Kedua, hati yang keras atau qalbun qaswah, kekerasan hati manusia bukan dikarenakan
sifat bawaan lahir, melainkan sifat akibat dari kelalaian manusia selalu melanggar norma-norma
agama. Tingkat kerusakan ini mempunyai tahapan, tahap demi tahap semakin tinggi kadar
pelanggaran yang dilakukan maka Allah semakin menutup hatinya akibat dari perbuatannya.
Lanjut dan semakin berlanjut maka hati akan mati (na’udzubillah). Semakin hati mati, maka hati
akan mengeras seperti batu, tidak mungkin tersadarkan oleh doktrin sebaik apapun. Pada
tingkatan yang separah ini wajar apabila manusia mengikuti hatinya yang sudah mati dan

akhirnya setanlah yang menguasai hatinya.
Sebagai contoh riil dari matinya hati adalah menengok pada masyarakat yang warganya
suka mabuk atau judi misalnya, dirinya akan terbelenggu pada doktrin bahwa dengan mabuk atau
judi maka hidupnya akan tenteram, padahal hal itu merupakan kejahatan yang mendhalimi diri
sendiri. Apabila perbuatan itu sudah melekat dalam hati maka sekuat apapun nasehat tidak akan
mempan, dan selamanya akan mengikuti bisikan setan. Contoh lain tentang menurunnya moral
karena matinya hati adalah korupsi, ketika koruptor mengambil uang rakyat itu sama saja dengan
matinya hati yang sangat parah. Karena agama sudah melarang bahwa mencuri itu berdosa maka
selanjutnya akan dapat siksa di neraka, namun apabila manusia sudah masuk pada ranah qalbun
mayyitun maka selamanya akan dilanggar dan terjadilah korupsi.
Ketiga, qalbun maridhun merupakan sakitnya hati, hati ini masih hidup tapi lebih pada
cacat. Lihat orang yang cacat kakinya, ia masih mampu berjalan namun tidak sesempurna yang
normal kakinya.
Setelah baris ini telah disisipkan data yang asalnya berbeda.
(* Let $G$, $k\ge 3$, the choice strings $c_{i,j}$, the template string $t$, $L$ and $d$ be as in the binary construction in the context, and let $s\in\{0,1\}^L$ be a solution, i.e. $t$ and every choice string $c_{i,j}$ ($1\le i<j\le k$) have a substring of length $L$ at Hamming distance at most $d$ from $s$. Then every section of the encoding part of $s$ contains exactly one symbol $1$.
   Context: Let $G=(V,E)$ be an undirected simple graph with $V=\{v_1,\dots,v_n\}$ and edge set $E=\{e_1,\dots,e_m\}$, and let $k\ge 3$ be an integer; put $N=\binom{k}{2}$ and $b=nk-2k+2$. All strings are over $\{0,1\}$. For $1\le p\le n$ let $\mathrm{number}(p)=0^{p-1}10^{n-p}$. Let $\mathrm{front\_tag}=(1^{3nk}0)^{nk}$ (length $(3nk+1)nk$). Order the pairs $(i,j)$, $1\le i<j\le k$, lexicographically and let $i'$ be the position of $(i,j)$ in this order. For an edge $e$ joining $v_r,v_s$ with $r<s$ let $\mathrm{encode}(i,j,e)=(0^n)^{i-1}\,\mathrm{number}(r)\,(0^n)^{j-i-1}\,\mathrm{number}(s)\,(0^n)^{k-j}$, $\mathrm{back\_tag}(i')=0^{(i'-1)b}1^{b}0^{(N-i')b}$, and $\mathrm{block}(i,j,e)=\mathrm{front\_tag}\,\mathrm{encode}(i,j,e)\,\mathrm{back\_tag}(i')$. The choice string is $c_{i,j}=\mathrm{block}(i,j,e_1)\cdots\mathrm{block}(i,j,e_m)$. The template string is $t=\mathrm{front\_tag}\,1^{nk}\,0^{Nb}$. Set $L=(3nk+1)nk+nk+Nb$ and $d=nk-k$. For a string $s$ of length $L$, its encoding part is the substring of its positions $(3nk+1)nk+1,\dots,(3nk+1)nk+nk$, divided into $k$ consecutive sections of length $n$. *)

theory Defs
  imports Main
begin

text \<open>Binary strings are modelled as bool lists; True stands for symbol 1, False for 0.
  The graph G has vertices v_1..v_n (indices 1..n) and its edge list e_1..e_m is given
  as a list of pairs (r,s) with 1 <= r < s <= n (no repetitions).\<close>

definition simple_graph_edges :: "nat \<Rightarrow> (nat \<times> nat) list \<Rightarrow> bool" where
  "simple_graph_edges n E \<longleftrightarrow> distinct E \<and> (\<forall>(r, s) \<in> set E. 1 \<le> r \<and> r < s \<and> s \<le> n)"

definition zeros :: "nat \<Rightarrow> bool list" where
  "zeros l = replicate l False"

definition ones :: "nat \<Rightarrow> bool list" where
  "ones l = replicate l True"

definition number :: "nat \<Rightarrow> nat \<Rightarrow> bool list" where
  "number n p = zeros (p - 1) @ [True] @ zeros (n - p)"

definition front_tag :: "nat \<Rightarrow> nat \<Rightarrow> bool list" where
  "front_tag n k = concat (replicate (n * k) (ones (3 * n * k) @ [False]))"

definition Npairs :: "nat \<Rightarrow> nat" where
  "Npairs k = k choose 2"

definition bparam :: "nat \<Rightarrow> nat \<Rightarrow> nat" where
  "bparam n k = n * k - 2 * k + 2"

text \<open>Position of (i,j), 1 <= i < j <= k, in the lexicographic order of such pairs (1-based).\<close>
definition pair_pos :: "nat \<Rightarrow> nat \<Rightarrow> nat \<Rightarrow> nat" where
  "pair_pos k i j = length (takeWhile (\<lambda>p. p \<noteq> (i, j))
      [(a, c). a \<leftarrow> [1..<k+1], c \<leftarrow> [a+1..<k+1]]) + 1"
Atau lihat pada anak yang cacat mental, ia masih bisa berpikir bahkan bisa
berpikir keras namun tidak bisa sesempurna anak yang normal. Hal itu sama dengan hati yang
sakit, penyakit hati biasanya diidentikkan dengan sifat iri, dengki dan lemah imannya. Hati yang
sakit akan bisa menjadi hati yang sehat apabila dorongan baik mendominasinya. Bahkan
sebaliknya, hati ini akan cenderung menjadi keras apabila dorongan untuk melakukan kejahatan
mendominasinya

Dari ketiga penggolongan hati di atas dapat diartikan bahwa hati akan mempengaruhi

baik buruknya kualitas manusianya. Hati yang selalu mendekat kepada Tuhannya karena iman
maka akan semakin baik pula kesehariannya, selalu terlindungi iman dan selalu berbuat baik.
Semakin hati itu sakit dan keras maka hati itu lama-lama akan menjadi hati yang mati dan
enggan untuk berbuat baik karena menjauh pada Tuhannya. Dari itu dapat ditarik kesimpulan
bahwa hati yang baik akan mempengaruhi karakter yang baik. Karakter itu lebih membentuk
pada hal yang baik atau buruk, maka dengan memperbaiki hati dan menanamkannya sejak dini
maka manusia akan terbiasa dengan karakter yang baik sesuai dengan ajaran agama. Agama
apapun akan mengajarkan manusia kepada yang lebih baik, bukan mengajarkan hal yang buruk.